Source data
......

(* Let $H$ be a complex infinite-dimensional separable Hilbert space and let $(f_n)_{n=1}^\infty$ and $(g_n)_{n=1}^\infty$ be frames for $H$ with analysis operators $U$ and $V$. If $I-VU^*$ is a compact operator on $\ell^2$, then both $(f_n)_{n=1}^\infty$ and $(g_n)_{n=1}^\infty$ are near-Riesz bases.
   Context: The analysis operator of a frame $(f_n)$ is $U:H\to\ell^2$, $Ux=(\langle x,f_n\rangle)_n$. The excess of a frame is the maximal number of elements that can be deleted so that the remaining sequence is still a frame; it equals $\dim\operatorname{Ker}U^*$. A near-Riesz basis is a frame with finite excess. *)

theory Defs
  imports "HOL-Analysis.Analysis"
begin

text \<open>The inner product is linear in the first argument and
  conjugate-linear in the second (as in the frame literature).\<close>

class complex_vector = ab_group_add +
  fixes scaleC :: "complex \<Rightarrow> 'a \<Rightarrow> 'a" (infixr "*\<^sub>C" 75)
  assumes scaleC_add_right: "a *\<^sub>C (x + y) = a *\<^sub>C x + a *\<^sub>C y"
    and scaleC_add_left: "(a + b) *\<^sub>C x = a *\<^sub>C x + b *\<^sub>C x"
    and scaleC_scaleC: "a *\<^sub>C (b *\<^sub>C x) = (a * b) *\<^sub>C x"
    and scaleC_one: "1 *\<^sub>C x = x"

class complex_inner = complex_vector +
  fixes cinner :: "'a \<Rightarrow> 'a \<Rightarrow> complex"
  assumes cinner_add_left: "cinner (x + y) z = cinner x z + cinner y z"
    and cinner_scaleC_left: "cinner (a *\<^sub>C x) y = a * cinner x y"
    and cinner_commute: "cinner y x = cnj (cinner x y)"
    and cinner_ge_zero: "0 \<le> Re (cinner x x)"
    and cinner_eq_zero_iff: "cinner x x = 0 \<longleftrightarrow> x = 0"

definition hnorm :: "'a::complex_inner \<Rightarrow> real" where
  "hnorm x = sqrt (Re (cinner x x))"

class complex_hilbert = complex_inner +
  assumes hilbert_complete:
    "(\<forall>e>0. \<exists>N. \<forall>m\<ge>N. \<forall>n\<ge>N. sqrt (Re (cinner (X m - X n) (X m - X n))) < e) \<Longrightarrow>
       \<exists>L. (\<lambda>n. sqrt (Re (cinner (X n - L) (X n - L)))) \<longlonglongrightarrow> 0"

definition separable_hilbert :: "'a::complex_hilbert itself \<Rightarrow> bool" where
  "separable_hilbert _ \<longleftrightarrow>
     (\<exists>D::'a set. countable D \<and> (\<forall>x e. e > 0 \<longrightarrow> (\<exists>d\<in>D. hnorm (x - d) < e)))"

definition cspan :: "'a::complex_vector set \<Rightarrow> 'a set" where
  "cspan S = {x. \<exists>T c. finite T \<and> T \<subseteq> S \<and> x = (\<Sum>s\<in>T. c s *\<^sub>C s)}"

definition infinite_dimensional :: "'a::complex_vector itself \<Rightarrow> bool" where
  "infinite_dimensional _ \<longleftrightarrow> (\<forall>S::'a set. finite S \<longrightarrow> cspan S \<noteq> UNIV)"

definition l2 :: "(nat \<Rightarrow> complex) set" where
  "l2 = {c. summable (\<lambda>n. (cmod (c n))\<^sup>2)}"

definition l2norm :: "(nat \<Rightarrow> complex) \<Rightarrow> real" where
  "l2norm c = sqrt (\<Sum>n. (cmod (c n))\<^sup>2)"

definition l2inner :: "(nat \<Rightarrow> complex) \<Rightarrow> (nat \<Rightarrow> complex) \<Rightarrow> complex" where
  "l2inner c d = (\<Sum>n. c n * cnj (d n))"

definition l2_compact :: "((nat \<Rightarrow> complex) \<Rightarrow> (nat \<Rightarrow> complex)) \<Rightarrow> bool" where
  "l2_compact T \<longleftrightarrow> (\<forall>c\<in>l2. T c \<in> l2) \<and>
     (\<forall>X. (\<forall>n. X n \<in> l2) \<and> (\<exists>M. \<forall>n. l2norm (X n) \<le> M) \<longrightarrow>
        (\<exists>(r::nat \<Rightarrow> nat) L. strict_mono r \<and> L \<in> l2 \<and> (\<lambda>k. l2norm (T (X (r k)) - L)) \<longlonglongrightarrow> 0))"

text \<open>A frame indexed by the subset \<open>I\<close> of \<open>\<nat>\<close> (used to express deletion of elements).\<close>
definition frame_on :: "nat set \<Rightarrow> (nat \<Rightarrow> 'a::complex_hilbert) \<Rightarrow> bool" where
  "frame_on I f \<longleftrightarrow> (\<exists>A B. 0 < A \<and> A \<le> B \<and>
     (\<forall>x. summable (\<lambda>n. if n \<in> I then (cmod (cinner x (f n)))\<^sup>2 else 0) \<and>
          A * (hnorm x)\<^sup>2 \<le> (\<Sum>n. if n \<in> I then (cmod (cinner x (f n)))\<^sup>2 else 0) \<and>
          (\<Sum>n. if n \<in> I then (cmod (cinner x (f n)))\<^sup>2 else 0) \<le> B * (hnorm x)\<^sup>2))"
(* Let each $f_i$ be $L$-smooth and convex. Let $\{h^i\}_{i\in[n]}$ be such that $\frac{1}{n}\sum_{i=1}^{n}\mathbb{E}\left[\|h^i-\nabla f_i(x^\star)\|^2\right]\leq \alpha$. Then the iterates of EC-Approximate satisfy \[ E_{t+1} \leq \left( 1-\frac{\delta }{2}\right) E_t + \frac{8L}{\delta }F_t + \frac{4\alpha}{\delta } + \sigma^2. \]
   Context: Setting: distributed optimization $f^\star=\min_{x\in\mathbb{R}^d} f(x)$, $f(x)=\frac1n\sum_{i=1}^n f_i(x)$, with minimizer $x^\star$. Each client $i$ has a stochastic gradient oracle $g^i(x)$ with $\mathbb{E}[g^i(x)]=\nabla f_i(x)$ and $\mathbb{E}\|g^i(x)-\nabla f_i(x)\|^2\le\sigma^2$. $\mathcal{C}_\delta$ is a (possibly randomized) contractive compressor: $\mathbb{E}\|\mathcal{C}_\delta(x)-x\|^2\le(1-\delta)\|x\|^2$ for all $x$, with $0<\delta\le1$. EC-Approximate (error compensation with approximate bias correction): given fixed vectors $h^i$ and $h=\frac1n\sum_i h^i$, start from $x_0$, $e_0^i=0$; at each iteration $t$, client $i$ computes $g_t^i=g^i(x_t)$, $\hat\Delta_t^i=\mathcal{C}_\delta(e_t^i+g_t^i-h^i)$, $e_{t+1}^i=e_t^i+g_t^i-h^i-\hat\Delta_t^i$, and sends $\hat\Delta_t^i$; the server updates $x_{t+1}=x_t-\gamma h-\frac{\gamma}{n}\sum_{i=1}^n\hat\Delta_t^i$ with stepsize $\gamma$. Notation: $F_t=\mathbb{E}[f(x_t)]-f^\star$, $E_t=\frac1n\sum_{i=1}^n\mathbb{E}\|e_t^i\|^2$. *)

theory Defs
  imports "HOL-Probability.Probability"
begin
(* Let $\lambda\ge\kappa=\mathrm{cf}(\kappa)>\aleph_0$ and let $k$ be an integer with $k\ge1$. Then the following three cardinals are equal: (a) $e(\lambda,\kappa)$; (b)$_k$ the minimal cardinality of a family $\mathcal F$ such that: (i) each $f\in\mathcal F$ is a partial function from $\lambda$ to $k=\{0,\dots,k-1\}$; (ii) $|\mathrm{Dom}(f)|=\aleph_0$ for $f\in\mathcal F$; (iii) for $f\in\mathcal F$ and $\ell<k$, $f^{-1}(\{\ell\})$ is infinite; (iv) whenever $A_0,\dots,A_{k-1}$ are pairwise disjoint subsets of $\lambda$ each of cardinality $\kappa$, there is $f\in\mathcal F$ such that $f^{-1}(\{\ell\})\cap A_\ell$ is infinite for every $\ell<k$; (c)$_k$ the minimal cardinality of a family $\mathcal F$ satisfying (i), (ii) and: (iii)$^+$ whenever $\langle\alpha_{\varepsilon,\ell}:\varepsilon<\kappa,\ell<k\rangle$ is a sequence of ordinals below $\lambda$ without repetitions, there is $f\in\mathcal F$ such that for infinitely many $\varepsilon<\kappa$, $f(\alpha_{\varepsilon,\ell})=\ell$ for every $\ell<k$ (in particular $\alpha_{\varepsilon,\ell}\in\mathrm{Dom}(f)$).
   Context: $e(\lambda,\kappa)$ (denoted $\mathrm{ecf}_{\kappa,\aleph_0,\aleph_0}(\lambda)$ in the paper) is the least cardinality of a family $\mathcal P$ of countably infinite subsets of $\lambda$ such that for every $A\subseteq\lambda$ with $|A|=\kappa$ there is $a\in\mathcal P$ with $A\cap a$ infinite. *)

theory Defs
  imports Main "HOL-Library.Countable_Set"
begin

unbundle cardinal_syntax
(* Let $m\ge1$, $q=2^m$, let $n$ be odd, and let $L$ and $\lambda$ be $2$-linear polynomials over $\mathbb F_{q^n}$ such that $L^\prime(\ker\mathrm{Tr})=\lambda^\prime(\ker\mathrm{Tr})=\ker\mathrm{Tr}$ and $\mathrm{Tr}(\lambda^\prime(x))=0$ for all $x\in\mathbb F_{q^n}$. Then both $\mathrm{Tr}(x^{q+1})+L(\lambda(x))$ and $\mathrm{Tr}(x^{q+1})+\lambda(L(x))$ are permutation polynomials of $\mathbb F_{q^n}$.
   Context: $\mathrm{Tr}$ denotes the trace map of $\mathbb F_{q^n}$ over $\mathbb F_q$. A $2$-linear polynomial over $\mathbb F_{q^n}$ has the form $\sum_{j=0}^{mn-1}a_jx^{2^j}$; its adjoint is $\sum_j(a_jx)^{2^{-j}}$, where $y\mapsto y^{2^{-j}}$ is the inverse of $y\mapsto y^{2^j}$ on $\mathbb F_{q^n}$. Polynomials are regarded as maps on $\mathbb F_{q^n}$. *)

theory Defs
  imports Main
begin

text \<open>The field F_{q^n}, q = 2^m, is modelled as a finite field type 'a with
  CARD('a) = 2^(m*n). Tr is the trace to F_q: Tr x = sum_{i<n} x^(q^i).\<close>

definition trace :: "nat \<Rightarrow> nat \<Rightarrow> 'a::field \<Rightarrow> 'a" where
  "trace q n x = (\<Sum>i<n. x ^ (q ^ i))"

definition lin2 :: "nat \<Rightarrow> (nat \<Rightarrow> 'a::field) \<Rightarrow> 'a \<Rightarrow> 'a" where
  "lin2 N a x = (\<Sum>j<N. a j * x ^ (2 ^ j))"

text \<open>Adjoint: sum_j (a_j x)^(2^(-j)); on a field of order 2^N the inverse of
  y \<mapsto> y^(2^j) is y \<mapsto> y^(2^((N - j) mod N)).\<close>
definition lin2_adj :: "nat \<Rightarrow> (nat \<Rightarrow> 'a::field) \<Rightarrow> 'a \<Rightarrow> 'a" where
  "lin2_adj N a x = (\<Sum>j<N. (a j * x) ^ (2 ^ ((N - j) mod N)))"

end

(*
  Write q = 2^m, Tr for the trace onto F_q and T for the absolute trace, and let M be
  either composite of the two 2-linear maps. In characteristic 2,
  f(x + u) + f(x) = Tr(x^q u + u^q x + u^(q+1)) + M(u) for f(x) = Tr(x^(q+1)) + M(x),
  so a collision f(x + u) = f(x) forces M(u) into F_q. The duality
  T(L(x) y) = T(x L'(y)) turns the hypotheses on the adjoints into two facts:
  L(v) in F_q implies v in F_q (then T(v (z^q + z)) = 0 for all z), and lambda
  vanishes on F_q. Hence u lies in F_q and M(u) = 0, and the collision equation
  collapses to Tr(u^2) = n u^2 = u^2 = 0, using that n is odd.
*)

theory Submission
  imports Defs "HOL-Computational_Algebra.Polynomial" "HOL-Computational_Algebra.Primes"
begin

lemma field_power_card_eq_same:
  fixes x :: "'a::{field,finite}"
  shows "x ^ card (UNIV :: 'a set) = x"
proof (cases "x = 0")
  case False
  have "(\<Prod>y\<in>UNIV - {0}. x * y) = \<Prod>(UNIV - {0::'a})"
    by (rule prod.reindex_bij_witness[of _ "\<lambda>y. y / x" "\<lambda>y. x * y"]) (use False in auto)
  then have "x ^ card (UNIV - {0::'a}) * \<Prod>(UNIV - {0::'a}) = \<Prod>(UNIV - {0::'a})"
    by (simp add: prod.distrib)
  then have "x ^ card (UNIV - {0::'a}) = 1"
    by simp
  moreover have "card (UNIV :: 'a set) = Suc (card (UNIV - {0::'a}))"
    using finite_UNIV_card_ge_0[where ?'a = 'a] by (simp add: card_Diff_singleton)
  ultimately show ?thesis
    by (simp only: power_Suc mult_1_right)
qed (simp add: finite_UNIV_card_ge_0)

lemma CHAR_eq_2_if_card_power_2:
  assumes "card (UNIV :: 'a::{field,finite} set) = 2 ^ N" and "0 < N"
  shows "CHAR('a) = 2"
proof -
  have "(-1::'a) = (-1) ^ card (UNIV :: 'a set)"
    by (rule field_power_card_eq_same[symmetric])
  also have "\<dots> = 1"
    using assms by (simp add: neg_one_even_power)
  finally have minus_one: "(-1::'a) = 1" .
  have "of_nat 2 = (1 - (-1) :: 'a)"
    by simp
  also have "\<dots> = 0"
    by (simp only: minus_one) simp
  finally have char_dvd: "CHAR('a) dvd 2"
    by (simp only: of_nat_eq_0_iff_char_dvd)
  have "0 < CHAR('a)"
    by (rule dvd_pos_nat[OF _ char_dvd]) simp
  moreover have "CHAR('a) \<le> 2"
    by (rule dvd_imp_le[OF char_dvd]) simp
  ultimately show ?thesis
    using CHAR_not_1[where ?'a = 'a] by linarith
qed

......

> **Assigned task**
Pull out every line of the records above that contains the word "trace".

> **Task solution**
   Context: $\mathrm{Tr}$ denotes the trace map of $\mathbb F_{q^n}$ over $\mathbb F_q$. A $2$-linear polynomial over $\mathbb F_{q^n}$ has the form $\sum_{j=0}^{mn-1}a_jx^{2^j}$; its adjoint is $\sum_j(a_jx)^{2^{-j}}$, where $y\mapsto y^{2^{-j}}$ is the inverse of $y\mapsto y^{2^j}$ on $\mathbb F_{q^n}$. Polynomials are regarded as maps on $\mathbb F_{q^n}$. *)
  CARD('a) = 2^(m*n). Tr is the trace to F_q: Tr x = sum_{i<n} x^(q^i).\<close>
definition trace :: "nat \<Rightarrow> nat \<Rightarrow> 'a::field \<Rightarrow> 'a" where
  "trace q n x = (\<Sum>i<n. x ^ (q ^ i))"
  Write q = 2^m, Tr for the trace onto F_q and T for the absolute trace, and let M be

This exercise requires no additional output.